最近大騒ぎになっている「佐村河内守」(さむらごうちまもる)問題。
佐村河内守という名前で作曲家を自称していた人が、実は全聾ではなく自分で作曲もしていなかったという疑惑。私は、ネットで騒ぎになるまで、「佐村河内守」のことを知らなかったが、テレビ各局が特集を組んだ結果、かなり有名になって売り上げにつながっていたらしい。
私は、この問題が発覚した後は、いろんな切り口があって興味深い問題だと思い、積極的に情報収集している。
まず、「佐村河内守」が自称していた聴力障害や作曲方法等が虚構であったとして、NHKがなぜプロモーションに協力する形になってしまったのか?ということ。特筆する知識や注意力のない個人であれば、それ相応の情報を与えられると、騙されることはあるものだろう。しかし、NHKスペシャルといえば、日本のテレビ界で最高峰ともいえるノンフィクション番組である。たくさんの人が、様々な方向から取材し、編集し、チェックし、審査していたはずである。疑問が生じなかったのか? 生じたとしたらどのプロセスでつぶされていたのか? または、虚偽の情報が入っていることに気づきながらそれを放置した者がいるのか? このことに大変に興味がある。民放については、広告代理店と結びついて物を売るための演出をしまくっているということで、私は醒めた目で見ているが、NHKについても直観的に近年どんどん民放に近くなっている気もしている。今のNHKなら、かつてのTBSのようにオウムの擁護をしてしまうかもしれない、というくらいに。
これについては、私自身に取材能力はないので、私が今後ブログなどで情報を発信してもたいした価値をもたないが、私自身としてはたいへんに関心がある事柄ではある。
これと関連して、マスコミにおいていかにして「売れる商品」が作り上げられていくか、その実態、技術、倫理、お金の動き方、いわゆる「弱者」の使われ方ということにも関心がある。まぁ、これも、ここでは長々と書かないが、大規模自然災害の時の募金の呼びかけ、募金詐欺、復興関連商法(NPO法人りばぁねっとのようなものも含めて)などと根っこは共通しているのではないかと思う。
法律が相当関係する問題としては、大きく分ければ、作られた曲の知的財産関係のこと、佐村河内守らの行為が刑事上の罪責を負うものかということ、である。

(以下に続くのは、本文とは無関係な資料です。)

(* Let $\mathcal C$ be a $G$-category (the action need not be free). Then there is a weakly $G$-equivariant equivalence $\mathcal C\to(\mathcal C/G)\#G$, where $(\mathcal C/G)\#G$ carries the free $G$-action $\mu\cdot x^{(\alpha)}=x^{(\mu\alpha)}$, $\mu\cdot f=f$.
   Context: $\Bbbk$ is a commutative ring; all categories are $\Bbbk$-linear; $G$ is a group; a $G$-category is a category with a group homomorphism $G\to\operatorname{Aut}$, $\alpha\mapsto A_\alpha$, written $\alpha x,\alpha f$. A weakly $G$-equivariant functor is a pair $(F,\rho)$, $F$ a functor between $G$-categories and $\rho_\alpha\colon A_\alpha F\to FA_\alpha$ natural isomorphisms with $(\rho_\beta A_\alpha)(A_\beta\rho_\alpha)=\rho_{\beta\alpha}$. Orbit category $\mathcal C/G$: objects of $\mathcal C$; morphisms $x\to y$ are row- and column-finite families $(f_{\beta,\alpha})_{(\alpha,\beta)\in G\times G}$, $f_{\beta,\alpha}\in\mathcal C(\alpha x,\beta y)$, with $f_{\gamma\beta,\gamma\alpha}=\gamma(f_{\beta,\alpha})$; composition $(gf)_{\beta,\alpha}=\sum_\gamma g_{\beta,\gamma}f_{\gamma,\alpha}$. It is $G$-graded by $(\mathcal C/G)^\alpha(x,y):=P^{(1)}_{x,y}(\mathcal C(\alpha x,y))$ where $P^{(1)}_{x,y}\colon\bigoplus_\alpha\mathcal C(\alpha x,y)\to(\mathcal C/G)(x,y)$, $(f_\alpha)\mapsto(\mu(f_{\mu^{-1}\lambda}))_{(\lambda,\mu)}$, is bijective. For a $G$-graded category $\mathcal B$ (decompositions $\mathcal B(x,y)=\bigoplus_\alpha\mathcal B^\alpha(x,y)$ with $\mathcal B^\beta\cdot\mathcal B^\alpha\subseteq\mathcal B^{\beta\alpha}$), the smash product $\mathcal B\#G$ has objects $x^{(\alpha)}$ ($x\in\mathcal B$, $\alpha\in G$), $(\mathcal B\#G)(x^{(\alpha)},y^{(\beta)})=\mathcal B^{\beta^{-1}\alpha}(x,y)$, composition from $\mathcal B$. *)

theory Defs
  imports Main "HOL-Library.Function_Algebras"
begin

text \<open>
  A Bbbk-linear category: objects of type 'o, morphisms encoded in an abelian group 'm
  (the addition of the group is the addition of each hom-module, 0 is the zero morphism
  of every hom-module), hom-sets Hom x y, composition cmp g f (= g o f), identities,
  and scalar multiplication by the commutative ring 'k.
\<close>

record ('o, 'm, 'k) lincat =
  Hom :: "'o \<Rightarrow> 'o \<Rightarrow> 'm set"
  cmp :: "'m \<Rightarrow> 'm \<Rightarrow> 'm"
  idt :: "'o \<Rightarrow> 'm"
  scl :: "'k \<Rightarrow> 'm \<Rightarrow> 'm"

definition lincat :: "('o, 'm::ab_group_add, 'k::comm_ring_1) lincat \<Rightarrow> bool" where
  "lincat C \<longleftrightarrow>
    (\<forall>x y. 0 \<in> Hom C x y
       \<and> (\<forall>f\<in>Hom C x y. \<forall>g\<in>Hom C x y. f + g \<in> Hom C x y)
       \<and> (\<forall>f\<in>Hom C x y. - f \<in> Hom C x y)
       \<and> (\<forall>a. \<forall>f\<in>Hom C x y. scl C a f \<in> Hom C x y)
       \<and> (\<forall>f\<in>Hom C x y. scl C 1 f = f)
       \<and> (\<forall>a b. \<forall>f\<in>Hom C x y. scl C (a * b) f = scl C a (scl C b f))
       \<and> (\<forall>a b. \<forall>f\<in>Hom C x y. scl C (a + b) f = scl C a f + scl C b f)
       \<and> (\<forall>a. \<forall>f\<in>Hom C x y. \<forall>g\<in>Hom C x y. scl C a (f + g) = scl C a f + scl C a g))
  \<and> (\<forall>x. idt C x \<in> Hom C x x)
  \<and> (\<forall>x y z. \<forall>f\<in>Hom C x y. \<forall>g\<in>Hom C y z. cmp C g f \<in> Hom C x z)
  \<and> (\<forall>x y. \<forall>f\<in>Hom C x y. cmp C (idt C y) f = f \<and> cmp C f (idt C x) = f)
  \<and> (\<forall>w x y z. \<forall>f\<in>Hom C w x. \<forall>g\<in>Hom C x y. \<forall>h\<in>Hom C y z.
        cmp C h (cmp C g f) = cmp C (cmp C h g) f)
  \<and> (\<forall>x y z. \<forall>f\<in>Hom C x y. \<forall>f'\<in>Hom C x y. \<forall>g\<in>Hom C y z. \<forall>g'\<in>Hom C y z.
        cmp C (g + g') f = cmp C g f + cmp C g' f
      \<and> cmp C g (f + f') = cmp C g f + cmp C g f'
      \<and> (\<forall>a. cmp C (scl C a g) f = scl C a (cmp C g f)
             \<and> cmp C g (scl C a f) = scl C a (cmp C g f)))"
(* Let $n\ge 2$, $p\ge 1$, $N\ge 1$, and let $\mathbf{x}=\{x_1,\dots,x_n\}$ be a sample of $p$-variate functions observed at $N$ time points $t_1,\dots,t_N$, i.e. real numbers $x_i^j(t_k)$ for $i=1,\dots,n$, $j=1,\dots,p$, $k=1,\dots,N$. Let $U=\mathbf{MEI}_d(\mathbf{x})$ and $V=\mathbf{MBD}_d(\mathbf{x})$ (the $n\times p$ matrices defined in the context), with rows $u_1,\dots,u_n$ and $v_1,\dots,v_n$ regarded as vectors in $\mathbb{R}^p$. Define $g_n:[0,1]\to\mathbb{R}$ by $$g_n(z)=\frac{2}{n}+z-\frac{n}{2(n-1)}\,z^2 .$$ (a) Suppose that for every $j\in\{1,\dots,p\}$, every $i\neq h$ in $\{1,\dots,n\}$ and every $k_1,k_2\in\{1,\dots,N\}$, $$\big(x_i^j(t_{k_1})-x_h^j(t_{k_1})\big)\big(x_i^j(t_{k_2})-x_h^j(t_{k_2})\big)>0 .$$ Then for every $i=1,\dots,n$, $$MBD_{\{u_1,\dots,u_n\}}(u_i)\;\le\; g_n\!\left(1-MEI_{\{v_1,\dots,v_n\}}(v_i)\right).$$ (b) If, in addition to the hypothesis of (a), for every $k\in\{1,\dots,N\}$, every $i\neq h$ and every $j\neq \ell$ in $\{1,\dots,p\}$, $$\big(x_i^j(t_{k})-x_h^j(t_{k})\big)\big(x_i^\ell(t_{k})-x_h^\ell(t_{k})\big)>0,$$ then for every $i=1,\dots,n$, $$MBD_{\{u_1,\dots,u_n\}}(u_i)\;=\; g_n\!\left(1-MEI_{\{v_1,\dots,v_n\}}(v_i)\right).$$
   Context: Discrete modified band depth and modified epigraph index: for vectors $y_1,\dots,y_n\in\mathbb{R}^m$ (viewed as functions on the index set $\{1,\dots,m\}$) and $y\in\{y_1,\dots,y_n\}$, $$MBD_{\{y_1,\dots,y_n\}}(y)=\binom{n}{2}^{-1}\sum_{1\le a<b\le n}\frac{1}{m}\,\#\big\{k\in\{1,\dots,m\}:\ \min(y_a(k),y_b(k))\le y(k)\le \max(y_a(k),y_b(k))\big\},$$ $$MEI_{\{y_1,\dots,y_n\}}(y)=\frac{1}{n}\sum_{a=1}^{n}\frac{1}{m}\,\#\big\{k\in\{1,\dots,m\}:\ y_a(k)\ge y(k)\big\}.$$ For the sample $\mathbf{x}$, for each dimension $j$ let $x_i^j=(x_i^j(t_1),\dots,x_i^j(t_N))\in\mathbb{R}^N$. The $n\times p$ matrices $\mathbf{MBD}_d(\mathbf{x})$ and $\mathbf{MEI}_d(\mathbf{x})$ have entries $\mathbf{MBD}_d(\mathbf{x})_{ij}=MBD_{\{x_1^j,\dots,x_n^j\}}(x_i^j)$ and $\mathbf{MEI}_d(\mathbf{x})_{ij}=MEI_{\{x_1^j,\dots,x_n^j\}}(x_i^j)$ (depths computed within each dimension $j$ over the $N$ time points). The depths $MBD_{\{u_1,\dots,u_n\}}$ and $MEI_{\{v_1,\dots,v_n\}}$ in the claim are then computed on the rows of these matrices, treated as vectors indexed by $j=1,\dots,p$. *)

theory Defs
  imports Complex_Main
begin
lemma prob_mixture_run_losses:
  assumes "map_pmf X M = bind_pmf (map_pmf c M) run_losses_pmf"
  shows "measure_pmf.prob M {w. k \<le> fst (X w) \<and> snd (X w) \<le> l}
    = (1/2) ^ k * measure_pmf.prob (bind_pmf M (\<lambda>w. map_pmf (\<lambda>x. (w, x)) (binomial_pmf (c w - k) (1/2))))
        {(w, x). x \<le> l \<and> k \<le> c w}"
proof -
  define tail where
    "tail m = (if k \<le> m then measure_pmf.prob (binomial_pmf (m - k) (1/2)) {..l} else 0)" for m
  have "measure_pmf.prob M {w. k \<le> fst (X w) \<and> snd (X w) \<le> l}
      = measure_pmf.prob (map_pmf X M) {rl. k \<le> fst rl \<and> snd rl \<le> l}"
    by (simp add: vimage_def)
  also have "\<dots> = measure_pmf.expectation M (\<lambda>w. (1/2) ^ k * tail (c w))"
    unfolding assms measure_bind_pmf prob_run_losses_pmf tail_def by simp
  also have "\<dots> = (1/2) ^ k * measure_pmf.expectation M (\<lambda>w. measure_pmf.prob
      (map_pmf (\<lambda>x. (w, x)) (binomial_pmf (c w - k) (1/2))) {(w, x). x \<le> l \<and> k \<le> c w})"
  proof -
    have "tail (c w) = measure_pmf.prob (map_pmf (\<lambda>x. (w, x)) (binomial_pmf (c w - k) (1/2)))
        {(w, x). x \<le> l \<and> k \<le> c w}" for w
      by (cases "k \<le> c w") (simp_all add: tail_def vimage_def atMost_def)
    then show ?thesis by simp
  qed
  finally show ?thesis by (simp add: measure_bind_pmf)
qed

theorem lemma2p5:
  fixes n v :: nat
  assumes "1 \<le> v" and "v \<le> n"
  shows "(map_pmf (\<lambda>w. dn w n v) (kingman_pmf n)
           = map_pmf (\<lambda>(w, g). min g (card (sel w n v)))
               (pair_pmf (kingman_pmf n) (geometric_pmf (1/2))))
    \<and> (\<forall>k l :: nat.
           measure_pmf.prob (kingman_pmf n) {w. dn w n v \<ge> k \<and> hn w n v \<le> l}
         = (1/2) ^ k *
           measure_pmf.prob
             (bind_pmf (kingman_pmf n)
                (\<lambda>w. map_pmf (\<lambda>x. (w, x)) (binomial_pmf (card (sel w n v) - k) (1/2))))
             {(w, x). x \<le> l \<and> card (sel w n v) \<ge> k})"
proof -
  note mixture = dn_hn_kingman_pmf[OF assms]
  show ?thesis
    using map_fst_mixture_run_losses[OF mixture] prob_mixture_run_losses[OF mixture] by simp
qed

end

知的財産については、ソチオリンピックでのフィギュアスケートの高橋選手の曲に「佐村河内守」名義の曲が使われてる予定であったようで、JASRACの対応次第では現場で曲が使えない、曲を使えても放送できない、ということになりかねない、ということが、当面の大問題だ(理屈は知らないが、JASRACは権利の理由許諾を「保留」したという)。
そして、実作者であることを告白した新垣隆氏は、会見において、著作権を主張しないと言ったようだが、そうすると今後、曲についての権利はどうなるのか?というところだろう。
CDを購入した者が返金を請求できるか否か、という問題もあるが、誰に対してどのような根拠で請求するか、非常に難しいか。
刑事問題については、詐欺罪、身体障害者福祉法違反など、挙げている人たちがいるが、CDの販売に関して罪に問うのは基本的に難しく、虚偽申告により福祉関係の給付を不当に受けていたとすればそこを捉えての立件になるかと思う。
最後に…。今回、「佐村河内守」が体調不良を理由として表に出てこない代わりに代理人弁護士が記者の質問に応じて、「ご本人が、耳が聞こえないのは本当だろうと思っている。」と話していた。そして、弁護士自身も「佐村河内守」の身体障害者手帳を確認していると。
それって、弁護士という聴力判定についての「門外漢」が話しているだけで、それもまた騙されてるだけなんじゃないの? だって、他のたくさんの素人は騙されてきたんだし…、これで本当は聞こえていたというのが真実なら、発覚前のマスコミと同じように「信憑性」補強の道具に使われただけになるよね、と私は思った。
この件に限らず一般的なことだが、代理人というのは本人の「代理」をしているけれども、第三者としての発言を求められることもある。そのときにどう喋るか、どう立ち回るかというのは、相当難しいところだと思う。第三者の目で、本人の利益と関係なく、当該案件について知っていることをベラベラと喋るようなのは代理人ではない。しかし、本人の発言をそのまま伝えるだけというのであれば、代理人を立てる必要もない(単なる風よけだ)。基本的に、「本人のスポークスマンでいながら、交渉力も持つ」というくらいなのかな、というのが私の感覚だが、これも案件や場面次第で変わってくるだろう。